Stored data
○ ○ ○ ○ ○
lemma image_W: "\<phi> ` W = W"
proof -
  obtain P where P: "linear P" "\<And>X. P X \<in> W" "\<And>X. X \<in> W \<Longrightarrow> P X = X"
    using linear_retraction_onto space by blast
  have "linear (\<phi> \<circ> P)"
    by (rule linearI) (use P additive homogeneous in \<open>simp_all add: linear_add linear_scale\<close>)
  moreover have "(\<phi> \<circ> P) ` W = \<phi> ` W"
    using P(3) by (simp add: image_comp[symmetric])
  moreover have "inj_on (\<phi> \<circ> P) W"
    using P(3) inj_on_W by (simp add: inj_on_def)
  moreover have "\<phi> ` W \<subseteq> W"
    using maps_into by blast
  ultimately show ?thesis
    using linear_inj_on_imp_surj_on_subspace[OF _ subspace_W] by metis
qed

lemma pencil_through_L_spec_bd:
  assumes "A \<in> W" "L_strict A" "l \<in> L_spec_bd A" "Y \<in> W"
    and avoid: "\<And>b. eventually (\<lambda>t. l + t * b \<notin> L_spec_bd (\<phi> A + t *\<^sub>R Y)) (at_right 0)"
  obtains b where "det (\<phi> A - l *\<^sub>R mat 1) = 0"
    "mixed_det (\<phi> A - l *\<^sub>R mat 1) (Y - b *\<^sub>R mat 1) = 0" "det (Y - b *\<^sub>R mat 1) = 0"
proof -
  have "Y \<in> \<phi> ` W"
    using image_W assms(4) by simp
  then obtain B where B: "B \<in> W" "\<phi> B = Y"
    by blast
  have l: "l = lam_plus A \<or> l = lam_minus A"
    using assms(2,3) by (simp add: L_strict_L_spec_bd)
  define b where "b = (if l = lam_plus A then lam_plus B else lam_minus B)"
  have "eventually (\<lambda>t. l + t * b \<in> L_spec_int (\<phi> A + t *\<^sub>R Y)) (at_right 0)"
    using eventually_L_strict_line[OF assms(2), of B] avoid[of b]
  proof eventually_elim
    case (elim t)
    then have "l + t * b \<in> L_spec_bd (A + t *\<^sub>R B)"
      using l by (auto simp: L_strict_L_spec_bd b_def)
    then have "l + t * b \<in> L_spec (\<phi> A + t *\<^sub>R Y)"
      using L_spec_line[OF assms(1) B(1)] B(2) by (simp add: L_spec_Un)
    with elim(2) show ?case
      by (simp add: L_spec_Un)
  qed
  from eventually_L_spec_int_pencil[OF this] show thesis
    by (rule that)
qed

lemma rotation_pencil_impossible:
  assumes "W = UNIV" "A \<in> W" "L_strict A" "l \<in> L_spec_bd A" "s \<noteq> 0"
    and "\<And>b. eventually (\<lambda>t. l + t * b \<notin> L_spec_bd (\<phi> A + t *\<^sub>R mat2 0 s (- s) 0)) (at_right 0)"
  shows False
proof -
  have "mat2 0 s (- s) 0 \<in> W"
    using assms(1) by simp
  then obtain b where "det (mat2 0 s (- s) 0 - b *\<^sub>R mat 1) = 0"
    using pencil_through_L_spec_bd[OF assms(2-4) _ assms(6)] by blast
  with \<open>s \<noteq> 0\<close> show False
    by (simp add: det_rotation_shift sum_power2_eq_zero_iff)
qed

lemma L_spec_bd_subset:
  assumes "A \<in> W" "L_strict A"
  shows "L_spec_bd A \<subseteq> L_spec_bd (\<phi> A)"
proof
  fix l
  assume l: "l \<in> L_spec_bd A"
  show "l \<in> L_spec_bd (\<phi> A)"
  proof (rule ccontr)
    assume notin: "l \<notin> L_spec_bd (\<phi> A)"
    have avoid: "eventually (\<lambda>t. l + t * b \<notin> L_spec_bd (\<phi> A + t *\<^sub>R Y)) (at_right 0)" for Y b
      by (rule eventually_notin_L_spec_bd) (use notin in \<open>auto simp: L_spec_bd_iff\<close>)
    from space show False
    proof
      assume "W = UNIV"
      then show False
        using rotation_pencil_impossible[OF _ assms l, of 1] avoid by simp
    next
      assume sym: "W = sym_mats"
      have "mat2 0 1 1 0 \<in> W"
        by (rule symmetric_in_W) simp
      then obtain b where pencil: "det (\<phi> A - l *\<^sub>R mat 1) = 0"
        "mixed_det (\<phi> A - l *\<^sub>R mat 1) (mat2 0 1 1 0 - b *\<^sub>R mat 1) = 0"
        "det (mat2 0 1 1 0 - b *\<^sub>R mat 1) = 0"
        using pencil_through_L_spec_bd[OF assms l _ avoid] by blast
      have "\<phi> A \<in> sym_mats"
        using maps_into assms(1) sym by blast
      then have "(\<phi> A - l *\<^sub>R mat 1)$1$2 = (\<phi> A - l *\<^sub>R mat 1)$2$1"
        by (simp add: sym_mats_iff)
      from symmetric_pencil_swap_kernel[OF this pencil] have "l \<in> L_spec_bd (\<phi> A)"
        by (intro frontier_kernel_L_spec_bd[of "vector [b, 1]"]) (simp_all add: frontier_lorentz_cone vec_2_eq_iff)
      with notin show False
        by blast
    qed
  qed
qed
○ ○ ○ ○ ○
Work instructions:
Please repeat the lines above exactly, beginning with the line that contains "then show False" and ending with the final one.

The answer:
      then show False
        using rotation_pencil_impossible[OF _ assms l, of 1] avoid by simp
    next
      assume sym: "W = sym_mats"
      have "mat2 0 1 1 0 \<in> W"
        by (rule symmetric_in_W) simp
      then obtain b where pencil: "det (\<phi> A - l *\<^sub>R mat 1) = 0"
        "mixed_det (\<phi> A - l *\<^sub>R mat 1) (mat2 0 1 1 0 - b *\<^sub>R mat 1) = 0"
        "det (mat2 0 1 1 0 - b *\<^sub>R mat 1) = 0"
        using pencil_through_L_spec_bd[OF assms l _ avoid] by blast
      have "\<phi> A \<in> sym_mats"
        using maps_into assms(1) sym by blast
      then have "(\<phi> A - l *\<^sub>R mat 1)$1$2 = (\<phi> A - l *\<^sub>R mat 1)$2$1"
        by (simp add: sym_mats_iff)
      from symmetric_pencil_swap_kernel[OF this pencil] have "l \<in> L_spec_bd (\<phi> A)"
        by (intro frontier_kernel_L_spec_bd[of "vector [b, 1]"]) (simp_all add: frontier_lorentz_cone vec_2_eq_iff)
      with notin show False
        by blast
    qed
  qed
qed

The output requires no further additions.